== What the task requires ==
All that should come back is the lines of the data below from the one containing "q = (\<lambda>i." to the one containing "finite S \<and>", inclusive, exactly as they stand.

START Study material

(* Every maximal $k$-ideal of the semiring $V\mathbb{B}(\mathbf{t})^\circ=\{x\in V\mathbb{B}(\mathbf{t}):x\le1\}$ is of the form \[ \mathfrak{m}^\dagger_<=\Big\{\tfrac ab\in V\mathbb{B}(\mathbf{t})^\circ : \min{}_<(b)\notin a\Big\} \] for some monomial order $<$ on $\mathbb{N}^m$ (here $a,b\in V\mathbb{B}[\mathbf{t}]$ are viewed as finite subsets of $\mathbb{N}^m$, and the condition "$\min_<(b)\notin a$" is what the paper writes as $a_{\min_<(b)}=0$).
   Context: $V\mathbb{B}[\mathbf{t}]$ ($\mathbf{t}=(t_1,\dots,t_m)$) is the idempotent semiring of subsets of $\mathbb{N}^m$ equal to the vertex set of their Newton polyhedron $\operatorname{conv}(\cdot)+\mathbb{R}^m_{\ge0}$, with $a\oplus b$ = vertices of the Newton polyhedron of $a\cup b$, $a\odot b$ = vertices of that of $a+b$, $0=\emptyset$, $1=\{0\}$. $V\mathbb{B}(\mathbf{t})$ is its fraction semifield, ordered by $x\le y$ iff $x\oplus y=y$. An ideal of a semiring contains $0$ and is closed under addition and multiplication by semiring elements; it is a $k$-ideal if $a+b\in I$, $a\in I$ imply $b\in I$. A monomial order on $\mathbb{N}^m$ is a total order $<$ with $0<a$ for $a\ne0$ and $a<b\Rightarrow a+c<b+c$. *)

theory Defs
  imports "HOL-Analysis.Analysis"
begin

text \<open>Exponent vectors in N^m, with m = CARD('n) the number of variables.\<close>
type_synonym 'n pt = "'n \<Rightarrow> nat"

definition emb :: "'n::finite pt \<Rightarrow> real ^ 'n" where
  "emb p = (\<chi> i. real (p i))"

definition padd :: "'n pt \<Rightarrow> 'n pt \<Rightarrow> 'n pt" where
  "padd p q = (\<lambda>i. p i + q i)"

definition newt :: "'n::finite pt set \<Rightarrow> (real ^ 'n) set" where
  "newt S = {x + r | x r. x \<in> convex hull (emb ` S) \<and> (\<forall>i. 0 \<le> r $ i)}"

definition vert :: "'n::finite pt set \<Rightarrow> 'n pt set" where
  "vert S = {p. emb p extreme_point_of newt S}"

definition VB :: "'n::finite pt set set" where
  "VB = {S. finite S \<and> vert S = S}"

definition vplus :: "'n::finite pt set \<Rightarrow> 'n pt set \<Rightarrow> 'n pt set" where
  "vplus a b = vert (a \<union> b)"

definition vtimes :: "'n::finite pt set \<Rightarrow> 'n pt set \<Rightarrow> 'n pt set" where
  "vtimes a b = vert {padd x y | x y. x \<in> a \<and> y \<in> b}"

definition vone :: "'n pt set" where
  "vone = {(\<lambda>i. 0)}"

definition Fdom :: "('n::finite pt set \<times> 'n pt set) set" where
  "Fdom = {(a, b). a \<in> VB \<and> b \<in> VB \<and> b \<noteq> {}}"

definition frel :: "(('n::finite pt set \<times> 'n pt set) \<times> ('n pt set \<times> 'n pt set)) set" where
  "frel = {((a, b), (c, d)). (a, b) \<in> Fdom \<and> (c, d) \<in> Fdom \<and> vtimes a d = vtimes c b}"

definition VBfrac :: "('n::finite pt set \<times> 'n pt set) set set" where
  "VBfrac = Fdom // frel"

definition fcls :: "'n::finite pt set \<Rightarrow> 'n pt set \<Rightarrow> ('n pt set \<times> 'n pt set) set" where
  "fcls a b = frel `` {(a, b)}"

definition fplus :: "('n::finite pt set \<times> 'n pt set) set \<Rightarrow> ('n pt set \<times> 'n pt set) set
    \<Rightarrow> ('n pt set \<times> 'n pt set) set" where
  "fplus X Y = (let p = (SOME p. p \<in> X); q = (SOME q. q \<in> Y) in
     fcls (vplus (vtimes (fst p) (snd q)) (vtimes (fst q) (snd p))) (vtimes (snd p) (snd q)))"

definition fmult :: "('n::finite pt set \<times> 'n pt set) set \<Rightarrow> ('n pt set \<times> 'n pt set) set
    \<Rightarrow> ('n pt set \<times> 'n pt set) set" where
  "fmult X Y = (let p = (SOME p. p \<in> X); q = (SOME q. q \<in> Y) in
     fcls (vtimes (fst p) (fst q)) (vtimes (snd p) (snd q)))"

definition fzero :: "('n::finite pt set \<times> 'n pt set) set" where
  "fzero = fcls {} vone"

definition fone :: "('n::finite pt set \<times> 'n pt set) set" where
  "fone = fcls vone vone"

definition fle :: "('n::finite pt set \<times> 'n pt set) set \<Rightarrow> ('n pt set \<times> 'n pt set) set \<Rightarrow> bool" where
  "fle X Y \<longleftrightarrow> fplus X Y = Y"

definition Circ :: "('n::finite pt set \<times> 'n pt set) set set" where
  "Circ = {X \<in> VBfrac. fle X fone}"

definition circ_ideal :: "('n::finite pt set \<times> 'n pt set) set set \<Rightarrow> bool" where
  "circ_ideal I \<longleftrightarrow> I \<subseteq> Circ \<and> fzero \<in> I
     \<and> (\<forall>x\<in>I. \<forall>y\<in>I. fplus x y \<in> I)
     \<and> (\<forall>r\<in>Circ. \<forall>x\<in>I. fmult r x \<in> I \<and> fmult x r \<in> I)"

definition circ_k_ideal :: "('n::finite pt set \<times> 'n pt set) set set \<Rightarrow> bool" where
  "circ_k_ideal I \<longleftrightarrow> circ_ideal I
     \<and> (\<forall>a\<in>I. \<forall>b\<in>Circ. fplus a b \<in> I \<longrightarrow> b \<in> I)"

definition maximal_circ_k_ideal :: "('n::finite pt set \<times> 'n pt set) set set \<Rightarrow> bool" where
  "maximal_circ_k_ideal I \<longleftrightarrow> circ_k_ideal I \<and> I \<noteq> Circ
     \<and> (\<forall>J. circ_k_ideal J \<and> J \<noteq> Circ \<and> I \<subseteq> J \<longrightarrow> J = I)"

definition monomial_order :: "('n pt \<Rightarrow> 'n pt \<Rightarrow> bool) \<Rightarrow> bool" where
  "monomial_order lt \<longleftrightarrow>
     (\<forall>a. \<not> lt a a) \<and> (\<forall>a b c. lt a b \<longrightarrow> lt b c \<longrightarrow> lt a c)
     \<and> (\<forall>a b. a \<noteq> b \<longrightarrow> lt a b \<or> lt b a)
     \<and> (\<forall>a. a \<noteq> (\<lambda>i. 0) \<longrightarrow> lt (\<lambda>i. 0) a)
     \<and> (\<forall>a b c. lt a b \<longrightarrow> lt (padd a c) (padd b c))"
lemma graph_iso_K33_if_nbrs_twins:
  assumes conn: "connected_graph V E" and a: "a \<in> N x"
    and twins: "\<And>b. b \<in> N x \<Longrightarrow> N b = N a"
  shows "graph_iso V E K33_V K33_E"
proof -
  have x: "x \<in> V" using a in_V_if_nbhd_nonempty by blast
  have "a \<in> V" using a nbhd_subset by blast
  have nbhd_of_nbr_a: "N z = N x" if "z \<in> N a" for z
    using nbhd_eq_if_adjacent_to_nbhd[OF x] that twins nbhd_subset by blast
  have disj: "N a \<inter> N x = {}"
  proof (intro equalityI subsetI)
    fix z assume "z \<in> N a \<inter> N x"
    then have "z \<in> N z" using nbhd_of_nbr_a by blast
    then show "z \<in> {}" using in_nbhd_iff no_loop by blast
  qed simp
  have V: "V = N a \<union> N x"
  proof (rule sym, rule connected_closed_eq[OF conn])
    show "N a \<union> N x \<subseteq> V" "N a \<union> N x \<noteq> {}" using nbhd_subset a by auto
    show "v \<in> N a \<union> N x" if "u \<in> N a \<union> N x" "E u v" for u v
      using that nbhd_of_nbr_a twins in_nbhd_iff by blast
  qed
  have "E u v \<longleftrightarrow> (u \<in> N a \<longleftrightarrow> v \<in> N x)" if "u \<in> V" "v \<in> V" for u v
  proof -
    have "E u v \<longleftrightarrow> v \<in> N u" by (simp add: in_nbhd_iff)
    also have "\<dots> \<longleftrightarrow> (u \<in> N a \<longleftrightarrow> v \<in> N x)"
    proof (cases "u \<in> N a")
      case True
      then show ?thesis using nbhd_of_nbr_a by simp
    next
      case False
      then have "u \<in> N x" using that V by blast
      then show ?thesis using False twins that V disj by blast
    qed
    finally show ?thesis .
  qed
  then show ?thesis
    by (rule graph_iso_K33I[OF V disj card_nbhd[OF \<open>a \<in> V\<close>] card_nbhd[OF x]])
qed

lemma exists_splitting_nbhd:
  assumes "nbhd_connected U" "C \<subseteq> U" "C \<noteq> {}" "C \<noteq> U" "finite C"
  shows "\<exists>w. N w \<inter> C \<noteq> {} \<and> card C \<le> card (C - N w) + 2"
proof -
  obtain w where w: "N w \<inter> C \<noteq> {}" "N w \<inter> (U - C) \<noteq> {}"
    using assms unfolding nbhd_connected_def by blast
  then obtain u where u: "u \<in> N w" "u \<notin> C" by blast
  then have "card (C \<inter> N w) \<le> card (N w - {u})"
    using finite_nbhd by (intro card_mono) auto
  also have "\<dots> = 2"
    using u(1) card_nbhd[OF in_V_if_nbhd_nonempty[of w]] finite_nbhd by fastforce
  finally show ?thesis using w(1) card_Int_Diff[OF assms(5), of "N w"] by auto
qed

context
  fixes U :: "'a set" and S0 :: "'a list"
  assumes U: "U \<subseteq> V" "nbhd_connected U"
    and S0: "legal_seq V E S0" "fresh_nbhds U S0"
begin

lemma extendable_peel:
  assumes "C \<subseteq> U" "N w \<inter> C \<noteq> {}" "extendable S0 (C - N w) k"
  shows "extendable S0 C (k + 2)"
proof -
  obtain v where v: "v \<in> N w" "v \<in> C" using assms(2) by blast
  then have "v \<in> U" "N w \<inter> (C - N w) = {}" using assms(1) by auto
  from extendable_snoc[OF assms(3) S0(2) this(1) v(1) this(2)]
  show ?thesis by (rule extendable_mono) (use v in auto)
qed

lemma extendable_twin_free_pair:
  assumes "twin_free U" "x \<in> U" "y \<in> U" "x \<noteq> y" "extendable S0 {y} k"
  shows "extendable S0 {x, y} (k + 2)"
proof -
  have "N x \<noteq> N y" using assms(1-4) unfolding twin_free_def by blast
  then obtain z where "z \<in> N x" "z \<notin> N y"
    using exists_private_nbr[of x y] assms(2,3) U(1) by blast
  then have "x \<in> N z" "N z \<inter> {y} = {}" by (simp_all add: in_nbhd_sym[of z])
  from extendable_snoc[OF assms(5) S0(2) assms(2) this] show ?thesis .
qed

END Study material

== Answer to this problem ==
  "padd p q = (\<lambda>i. p i + q i)"

definition newt :: "'n::finite pt set \<Rightarrow> (real ^ 'n) set" where
  "newt S = {x + r | x r. x \<in> convex hull (emb ` S) \<and> (\<forall>i. 0 \<le> r $ i)}"

definition vert :: "'n::finite pt set \<Rightarrow> 'n pt set" where
  "vert S = {p. emb p extreme_point_of newt S}"

definition VB :: "'n::finite pt set set" where
  "VB = {S. finite S \<and> vert S = S}"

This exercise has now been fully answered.